Molar pregnancy, popularly known as grape pregnancy, is a type of disease that originates from the placenta and the cells that make up its membrane during embryonic development. In a mole pregnancy, the protrusions that connect the placenta to the lining of the uterus, called chorionic villi, do not develop properly. This causes a mass called a hydatiform to form in the uterus instead of a baby. Hydatiform is a tumor of placental tissue caused by abnormal chromosomes in a fertilized egg. A mole pregnancy occurs when two sets of chromosomes from the father combine with one set of chromosomes from the mother during fertilization, or when the mother receives no chromosomes at all.
What are the Types of Molar Pregnancy?
There are 2 types of molar pregnancy: complete and incomplete. A pregnancy with complete hydatiform has 46 chromosomes but no embryo. All chromosomes come from the father. Fetal circulation in the blood vessels does not develop and the placental cells enlarge and swell. In a complete molar pregnancy, there is no baby development. In incomplete hydatiform, abnormal trophoblast cells are present along with a baby with growth retardation and anomalies.
Symptoms of Mole Pregnancy
Molar pregnancies usually have the same symptoms as a healthy pregnancy. Some of the symptoms of mole pregnancy are as follows:
- Morning sickness and vomiting,
- Severe cramps,
- Fast heartbeat,
- High blood pressure,
- Brown discharge,
- Frequent and profuse sweating,
- The uterus is larger than expected,
- The uterus is loose rather than tight,
- Absence of embryonic or fetal tissue
- Increased thyroid hormones.
Diagnosis and Treatment of Mole Pregnancy
A mole pregnancy is diagnosed by ultrasound. The expectant mother also has a very high level of the pregnancy hormone bhCG. Treatment of molar pregnancy is two-stage. In the first stage, the uterus is emptied. The second phase is the follow-up phase. The earlier a mole pregnancy is detected and the uterus is evacuated, the lower the risk of the procedure. Most molar pregnancies can be detected within a few weeks of fertilization. The procedure is different from a normal abortion, so it is extremely important that it is performed by an experienced doctor. In rare cases, complete removal of the uterus may also be necessary, taking into account the patient’s age, risk factors and complete family.
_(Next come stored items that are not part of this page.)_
(* The functions \[ \Phi(x)=x\,\frac{\mathrm{Ai}'(a_1+x)}{\mathrm{Ai}(a_1+x)}\qquad\text{and}\qquad \Psi(x)=\frac{\mathrm{Ai}'(a_1+x)}{\mathrm{Ai}(a_1+x)} \] are infinitely differentiable and monotonically decreasing on $x>0$, and $\Phi(0)=1$ (i.e. $\lim_{x\to0^+}\Phi(x)=1$).
   Context: $\mathrm{Ai}$ is the Airy function, the solution of $\mathrm{Ai}''(x)=x\,\mathrm{Ai}(x)$ with $\mathrm{Ai}(x)\to0$ as $x\to+\infty$; its zeros are all real and negative, and $a_1\approx-2.338$ is its largest zero. *)

theory Defs
  imports "HOL-Analysis.Analysis"
begin

text \<open>The Airy function Ai, via its standard Maclaurin expansion (DLMF 9.4.1-9.4.3):
  Ai(x) = Ai(0) f(x) + Ai'(0) g(x), where
  f(x) = sum_k 3^k (1/3)_k x^(3k) / (3k)!,  g(x) = sum_k 3^k (2/3)_k x^(3k+1) / (3k+1)!,
  Ai(0) = 1 / (3^(2/3) Gamma(2/3)),  Ai'(0) = -1 / (3^(1/3) Gamma(1/3)).
  This is the unique solution of y'' = x y decaying at +infinity with the standard normalisation.\<close>

definition airy_f :: "real \<Rightarrow> real" where
  "airy_f x = (\<Sum>k. 3 ^ k * pochhammer (1/3) k * x ^ (3*k) / fact (3*k))"

definition airy_g :: "real \<Rightarrow> real" where
  "airy_g x = (\<Sum>k. 3 ^ k * pochhammer (2/3) k * x ^ (3*k+1) / fact (3*k+1))"

definition Airy_Ai :: "real \<Rightarrow> real" where
  "Airy_Ai x = airy_f x / (3 powr (2/3) * Gamma (2/3))
             - airy_g x / (3 powr (1/3) * Gamma (1/3))"
theorem lemma2:
  fixes K :: "'d::finite \<Rightarrow> real \<Rightarrow> complex^'D::finite^'D"
    and \<theta>0 :: real
  assumes diff: "\<And>m \<theta>. K m differentiable (at \<theta>)"
    and kraus: "\<And>\<theta>. (\<Sum>m\<in>UNIV. cadj (K m \<theta>) ** K m \<theta>) = mat 1"
    and HKS: "\<exists>c :: 'd \<Rightarrow> 'd \<Rightarrow> complex.
        cscale \<i> (\<Sum>m\<in>UNIV. cadj (K m \<theta>0) ** vector_derivative (K m) (at \<theta>0))
        = (\<Sum>i\<in>UNIV. \<Sum>j\<in>UNIV. cscale (c i j) (cadj (K i \<theta>0) ** K j \<theta>0))"
  shows "\<exists>h :: complex^'d^'d. cadj h = h \<and>
    (let u = (\<lambda>\<theta>::real. mexp (cscale (\<i> * complex_of_real \<theta>) h));
         W = (\<lambda>m \<theta>. \<Sum>k\<in>UNIV. cscale (cadj (u \<theta>) $ m $ k) (K k \<theta>));
         dW = (\<lambda>m. vector_derivative (W m) (at \<theta>0));
         E = channel (\<lambda>m. K m \<theta>0)
     in (\<forall>\<theta> m. K m \<theta> = (\<Sum>k\<in>UNIV. cscale (u \<theta> $ m $ k) (W k \<theta>)))
      \<and> (\<Sum>m\<in>UNIV. cadj (W m \<theta>0) ** dW m) = 0
      \<and> (\<forall>(\<rho> :: complex^'D^'D) (\<xi> :: 'D \<Rightarrow> 'D \<Rightarrow> complex).
            E \<rho> = \<rho> \<and> trace \<rho> = 1
            \<and> (\<forall>s s'. \<rho> $ s $ s' = (\<Sum>a\<in>UNIV. \<xi> a s * cnj (\<xi> a s')))
          \<longrightarrow>
            (\<Sum>m\<in>UNIV. trace (W m \<theta>0 ** \<rho> ** cadj (dW m))) = 0
          \<and> (\<forall>\<tau>::nat. trace (\<Sum>m\<in>UNIV. dW m **
                 (E ^^ \<tau>) (\<Sum>n\<in>UNIV. W n \<theta>0 ** \<rho> ** cadj (dW n)) ** cadj (W m \<theta>0)) = 0)
          \<and> (\<forall>T::nat. pure_qfi (sites T) (mps_state W \<xi>) \<theta>0
                = 4 * of_nat T * (\<Sum>m\<in>UNIV. trace (dW m ** \<rho> ** cadj (dW m))))))"
proof -
  define K' where "K' m = vector_derivative (K m) (at \<theta>0)" for m
  have K': "(K m has_vector_derivative K' m) (at \<theta>0)" for m
    unfolding K'_def using diff vector_derivative_works by blast
  obtain h where herm: "cadj h = h"
    and generator: "(\<Sum>m\<in>UNIV. cadj (K m \<theta>0) ** K' m)
          = cscale \<i> (\<Sum>i\<in>UNIV. \<Sum>j\<in>UNIV. cscale (h $ i $ j) (cadj (K i \<theta>0) ** K j \<theta>0))"
    using HKS hks_hermitian_generator[OF K' kraus] unfolding K'_def by blast
  have W': "(rotated_kraus h K m has_vector_derivative rotated_kraus_deriv h K K' \<theta>0 m) (at \<theta>0)" for m
    by (rule has_vector_derivative_rotated_kraus[OF herm K'])
  interpret gauge_fixed_isometry "\<lambda>m. rotated_kraus h K m \<theta>0" "rotated_kraus_deriv h K K' \<theta>0"
    by (rule gauge_fixed_isometry_rotated_kraus[where K = K, OF herm kraus generator])
  have W: "(\<Sum>k\<in>UNIV. cscale (cadj (mexp (cscale (\<i> * of_real \<theta>) h)) $ m $ k) (K k \<theta>))
      = rotated_kraus h K m \<theta>" for m \<theta>
    by (simp add: rotated_kraus_def kraus_mix_def)
  have dW: "vector_derivative (rotated_kraus h K m) (at \<theta>0) = rotated_kraus_deriv h K K' \<theta>0 m" for m
    using W' by (rule vector_derivative_at)
  show ?thesis
    by (rule exI[of _ h], unfold Let_def W dW)
      (use herm kraus_eq_kraus_mix_rotated_kraus[where K = K, OF herm, unfolded kraus_mix_def]
        gauge sum_trace_gauge trace_sum_gauge
        pure_qfi_mps_state[OF W' gauge_fixed_isometry_axioms,
          unfolded channel_rotated_kraus[where K = K, OF herm]]
        in blast)
qed

end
Since a mole pregnancy has the possibility of malignancy, i.e. cancer, it needs to be followed up. Pregnancy is prohibited for at least 1 year after a mole pregnancy. At 2-week intervals, bhCG is measured in the blood. After normalization of blood levels, bhCG levels are measured monthly for 6 months and then every 2 months for at least 6 months. If the levels remain normal during this period, the follow-up is terminated and pregnancy is allowed.